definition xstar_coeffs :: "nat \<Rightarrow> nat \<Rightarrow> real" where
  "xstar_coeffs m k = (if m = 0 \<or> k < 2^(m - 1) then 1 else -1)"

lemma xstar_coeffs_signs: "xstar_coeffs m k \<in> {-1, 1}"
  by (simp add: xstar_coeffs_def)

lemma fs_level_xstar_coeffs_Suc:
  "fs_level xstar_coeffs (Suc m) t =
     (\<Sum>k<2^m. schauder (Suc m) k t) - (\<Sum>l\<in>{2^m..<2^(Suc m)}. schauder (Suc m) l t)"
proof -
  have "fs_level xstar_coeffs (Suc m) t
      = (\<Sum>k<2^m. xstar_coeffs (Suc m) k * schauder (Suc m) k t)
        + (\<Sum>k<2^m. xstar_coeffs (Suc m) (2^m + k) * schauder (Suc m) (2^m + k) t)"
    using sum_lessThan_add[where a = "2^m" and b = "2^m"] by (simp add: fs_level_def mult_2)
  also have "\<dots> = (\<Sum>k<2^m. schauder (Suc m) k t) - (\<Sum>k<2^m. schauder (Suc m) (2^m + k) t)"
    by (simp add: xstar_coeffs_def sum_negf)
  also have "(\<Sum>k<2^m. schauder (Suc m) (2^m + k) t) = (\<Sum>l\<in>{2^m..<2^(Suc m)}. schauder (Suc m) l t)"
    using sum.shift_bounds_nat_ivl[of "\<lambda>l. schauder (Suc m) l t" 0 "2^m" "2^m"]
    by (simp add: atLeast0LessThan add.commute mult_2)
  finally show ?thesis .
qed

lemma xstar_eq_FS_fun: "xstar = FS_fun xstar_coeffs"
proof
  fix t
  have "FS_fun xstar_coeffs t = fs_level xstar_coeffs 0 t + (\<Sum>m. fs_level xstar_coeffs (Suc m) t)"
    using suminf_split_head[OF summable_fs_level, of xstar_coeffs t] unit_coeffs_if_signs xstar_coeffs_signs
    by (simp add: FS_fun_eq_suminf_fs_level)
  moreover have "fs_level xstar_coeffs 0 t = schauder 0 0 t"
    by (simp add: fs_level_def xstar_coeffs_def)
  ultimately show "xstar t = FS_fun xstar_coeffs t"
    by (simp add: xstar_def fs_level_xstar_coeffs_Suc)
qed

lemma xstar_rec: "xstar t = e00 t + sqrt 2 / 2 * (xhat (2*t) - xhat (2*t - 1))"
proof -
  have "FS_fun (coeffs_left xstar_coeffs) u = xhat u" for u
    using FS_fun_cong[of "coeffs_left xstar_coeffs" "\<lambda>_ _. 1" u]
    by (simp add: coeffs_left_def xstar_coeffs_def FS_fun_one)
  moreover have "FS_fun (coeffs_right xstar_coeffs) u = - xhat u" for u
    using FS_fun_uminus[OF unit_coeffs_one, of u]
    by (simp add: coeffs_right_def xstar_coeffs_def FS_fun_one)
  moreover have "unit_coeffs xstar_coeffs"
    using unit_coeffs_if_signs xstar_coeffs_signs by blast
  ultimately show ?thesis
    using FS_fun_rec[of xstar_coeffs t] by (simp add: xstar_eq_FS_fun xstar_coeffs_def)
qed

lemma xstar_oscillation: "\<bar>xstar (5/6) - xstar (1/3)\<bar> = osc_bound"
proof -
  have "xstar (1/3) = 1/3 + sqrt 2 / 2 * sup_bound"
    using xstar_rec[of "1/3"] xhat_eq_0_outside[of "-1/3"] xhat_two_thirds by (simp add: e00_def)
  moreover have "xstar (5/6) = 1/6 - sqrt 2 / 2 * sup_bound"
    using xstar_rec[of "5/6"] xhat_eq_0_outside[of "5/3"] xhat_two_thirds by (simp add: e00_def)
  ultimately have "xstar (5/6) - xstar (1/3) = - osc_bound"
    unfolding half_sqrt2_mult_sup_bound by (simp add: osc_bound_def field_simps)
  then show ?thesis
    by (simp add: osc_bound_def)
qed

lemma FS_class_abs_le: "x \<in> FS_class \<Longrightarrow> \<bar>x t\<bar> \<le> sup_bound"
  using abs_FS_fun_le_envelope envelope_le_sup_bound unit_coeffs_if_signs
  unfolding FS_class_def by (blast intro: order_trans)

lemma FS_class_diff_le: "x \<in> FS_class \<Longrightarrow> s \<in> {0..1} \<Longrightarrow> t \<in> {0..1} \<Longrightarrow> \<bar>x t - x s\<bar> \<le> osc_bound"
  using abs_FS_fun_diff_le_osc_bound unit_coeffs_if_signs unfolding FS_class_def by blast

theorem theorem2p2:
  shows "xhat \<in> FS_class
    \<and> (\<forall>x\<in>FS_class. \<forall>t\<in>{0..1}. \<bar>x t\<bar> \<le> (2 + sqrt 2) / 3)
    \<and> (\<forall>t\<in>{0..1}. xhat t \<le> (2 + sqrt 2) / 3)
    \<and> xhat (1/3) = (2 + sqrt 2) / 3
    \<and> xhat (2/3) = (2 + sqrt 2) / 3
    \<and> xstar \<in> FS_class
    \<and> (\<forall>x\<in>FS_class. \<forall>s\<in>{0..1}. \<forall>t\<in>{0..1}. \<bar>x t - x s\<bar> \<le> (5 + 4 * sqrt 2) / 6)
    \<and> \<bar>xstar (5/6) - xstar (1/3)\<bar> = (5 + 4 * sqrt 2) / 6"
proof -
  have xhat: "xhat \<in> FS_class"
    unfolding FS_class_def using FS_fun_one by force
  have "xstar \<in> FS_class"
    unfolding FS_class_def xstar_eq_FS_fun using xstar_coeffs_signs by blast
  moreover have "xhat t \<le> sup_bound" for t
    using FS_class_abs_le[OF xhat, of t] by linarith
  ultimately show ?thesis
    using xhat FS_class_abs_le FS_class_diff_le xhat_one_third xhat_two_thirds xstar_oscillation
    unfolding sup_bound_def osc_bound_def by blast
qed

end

--

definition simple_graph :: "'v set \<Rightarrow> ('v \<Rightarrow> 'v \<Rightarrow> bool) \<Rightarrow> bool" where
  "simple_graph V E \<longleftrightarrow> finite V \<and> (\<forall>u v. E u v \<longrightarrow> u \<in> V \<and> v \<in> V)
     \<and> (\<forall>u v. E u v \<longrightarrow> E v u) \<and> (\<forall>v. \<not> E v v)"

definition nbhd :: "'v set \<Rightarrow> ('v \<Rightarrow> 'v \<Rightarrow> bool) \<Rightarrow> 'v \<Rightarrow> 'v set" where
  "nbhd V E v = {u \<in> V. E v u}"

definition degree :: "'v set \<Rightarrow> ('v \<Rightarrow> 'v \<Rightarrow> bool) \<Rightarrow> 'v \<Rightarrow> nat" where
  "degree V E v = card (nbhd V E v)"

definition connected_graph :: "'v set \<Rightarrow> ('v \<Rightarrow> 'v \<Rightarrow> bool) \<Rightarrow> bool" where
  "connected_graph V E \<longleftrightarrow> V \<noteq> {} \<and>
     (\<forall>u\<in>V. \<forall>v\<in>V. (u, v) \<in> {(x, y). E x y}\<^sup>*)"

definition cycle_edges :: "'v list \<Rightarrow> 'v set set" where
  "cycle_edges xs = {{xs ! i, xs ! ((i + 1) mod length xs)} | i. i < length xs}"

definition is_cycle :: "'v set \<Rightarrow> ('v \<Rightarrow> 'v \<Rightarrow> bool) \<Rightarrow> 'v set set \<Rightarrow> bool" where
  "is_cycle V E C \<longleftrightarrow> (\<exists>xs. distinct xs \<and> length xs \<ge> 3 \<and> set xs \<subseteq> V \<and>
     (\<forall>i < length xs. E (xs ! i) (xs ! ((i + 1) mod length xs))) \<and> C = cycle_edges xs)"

* * *

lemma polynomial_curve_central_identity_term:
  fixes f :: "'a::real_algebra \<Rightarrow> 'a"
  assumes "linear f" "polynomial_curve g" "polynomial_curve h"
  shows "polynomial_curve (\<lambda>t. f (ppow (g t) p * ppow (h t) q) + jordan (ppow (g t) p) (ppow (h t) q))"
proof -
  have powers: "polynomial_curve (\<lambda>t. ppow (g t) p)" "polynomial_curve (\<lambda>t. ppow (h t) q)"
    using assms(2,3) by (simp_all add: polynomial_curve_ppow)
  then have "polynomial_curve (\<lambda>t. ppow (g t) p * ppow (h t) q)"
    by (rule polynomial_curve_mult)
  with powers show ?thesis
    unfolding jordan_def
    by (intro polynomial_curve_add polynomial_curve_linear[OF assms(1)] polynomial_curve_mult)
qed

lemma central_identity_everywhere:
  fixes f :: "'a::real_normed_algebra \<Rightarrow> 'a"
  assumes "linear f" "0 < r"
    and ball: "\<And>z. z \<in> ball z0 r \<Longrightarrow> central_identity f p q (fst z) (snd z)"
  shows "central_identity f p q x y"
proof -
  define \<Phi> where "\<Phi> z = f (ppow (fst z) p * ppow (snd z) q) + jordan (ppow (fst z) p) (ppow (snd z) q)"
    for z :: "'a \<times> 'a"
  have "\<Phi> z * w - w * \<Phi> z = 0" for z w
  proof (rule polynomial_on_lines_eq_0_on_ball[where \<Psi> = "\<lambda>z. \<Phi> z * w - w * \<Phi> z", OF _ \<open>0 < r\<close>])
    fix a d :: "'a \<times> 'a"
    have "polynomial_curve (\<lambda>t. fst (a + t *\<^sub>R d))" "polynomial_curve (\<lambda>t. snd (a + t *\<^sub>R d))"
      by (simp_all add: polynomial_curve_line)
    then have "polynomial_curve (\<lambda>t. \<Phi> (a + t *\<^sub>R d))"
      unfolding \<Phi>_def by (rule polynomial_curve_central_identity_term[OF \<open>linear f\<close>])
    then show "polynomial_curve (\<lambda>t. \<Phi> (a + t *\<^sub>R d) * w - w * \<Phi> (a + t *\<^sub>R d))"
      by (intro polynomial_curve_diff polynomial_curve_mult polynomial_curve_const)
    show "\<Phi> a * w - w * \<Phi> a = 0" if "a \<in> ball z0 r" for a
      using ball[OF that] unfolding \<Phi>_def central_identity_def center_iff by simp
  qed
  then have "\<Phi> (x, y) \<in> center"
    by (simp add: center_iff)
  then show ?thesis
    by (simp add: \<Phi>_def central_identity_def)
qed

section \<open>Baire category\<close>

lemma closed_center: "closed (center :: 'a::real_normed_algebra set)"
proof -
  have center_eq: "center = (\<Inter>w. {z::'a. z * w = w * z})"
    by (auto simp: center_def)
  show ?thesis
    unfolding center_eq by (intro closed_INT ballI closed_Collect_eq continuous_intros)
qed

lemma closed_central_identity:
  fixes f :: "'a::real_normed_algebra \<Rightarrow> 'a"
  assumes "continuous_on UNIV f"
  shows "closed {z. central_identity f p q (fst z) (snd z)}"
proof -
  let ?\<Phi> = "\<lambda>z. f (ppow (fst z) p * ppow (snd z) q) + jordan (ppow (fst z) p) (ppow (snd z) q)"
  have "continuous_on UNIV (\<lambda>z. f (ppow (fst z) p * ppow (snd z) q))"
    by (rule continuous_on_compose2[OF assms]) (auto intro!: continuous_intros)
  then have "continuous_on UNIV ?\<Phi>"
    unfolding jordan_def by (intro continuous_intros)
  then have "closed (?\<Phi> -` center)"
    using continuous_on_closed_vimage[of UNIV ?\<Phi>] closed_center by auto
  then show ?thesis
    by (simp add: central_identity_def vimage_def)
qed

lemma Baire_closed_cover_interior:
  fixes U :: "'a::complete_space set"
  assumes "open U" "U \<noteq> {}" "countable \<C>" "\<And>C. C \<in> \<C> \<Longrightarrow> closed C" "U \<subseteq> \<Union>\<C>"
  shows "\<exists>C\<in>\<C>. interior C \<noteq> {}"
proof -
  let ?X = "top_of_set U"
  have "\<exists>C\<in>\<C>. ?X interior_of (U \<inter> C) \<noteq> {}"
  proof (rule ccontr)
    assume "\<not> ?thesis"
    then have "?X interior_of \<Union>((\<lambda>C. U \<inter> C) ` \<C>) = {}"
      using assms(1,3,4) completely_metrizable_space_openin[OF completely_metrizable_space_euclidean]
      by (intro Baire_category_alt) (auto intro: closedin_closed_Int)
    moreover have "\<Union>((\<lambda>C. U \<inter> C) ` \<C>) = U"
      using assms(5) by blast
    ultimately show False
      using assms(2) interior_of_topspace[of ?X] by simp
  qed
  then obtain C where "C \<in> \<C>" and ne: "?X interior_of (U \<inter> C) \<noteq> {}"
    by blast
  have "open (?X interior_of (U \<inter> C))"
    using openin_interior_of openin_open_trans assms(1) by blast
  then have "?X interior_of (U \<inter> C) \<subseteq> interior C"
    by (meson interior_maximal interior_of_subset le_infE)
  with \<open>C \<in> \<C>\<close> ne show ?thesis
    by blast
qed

*Work to complete*:
From the records above, reproduce exactly the lines from the one with "then 1 else" to the one with "using sum_lessThan_add[where a", both included, and no others.

*Your response*:
  "xstar_coeffs m k = (if m = 0 \<or> k < 2^(m - 1) then 1 else -1)"

lemma xstar_coeffs_signs: "xstar_coeffs m k \<in> {-1, 1}"
  by (simp add: xstar_coeffs_def)

lemma fs_level_xstar_coeffs_Suc:
  "fs_level xstar_coeffs (Suc m) t =
     (\<Sum>k<2^m. schauder (Suc m) k t) - (\<Sum>l\<in>{2^m..<2^(Suc m)}. schauder (Suc m) l t)"
proof -
  have "fs_level xstar_coeffs (Suc m) t
      = (\<Sum>k<2^m. xstar_coeffs (Suc m) k * schauder (Suc m) k t)
        + (\<Sum>k<2^m. xstar_coeffs (Suc m) (2^m + k) * schauder (Suc m) (2^m + k) t)"
    using sum_lessThan_add[where a = "2^m" and b = "2^m"] by (simp add: fs_level_def mult_2)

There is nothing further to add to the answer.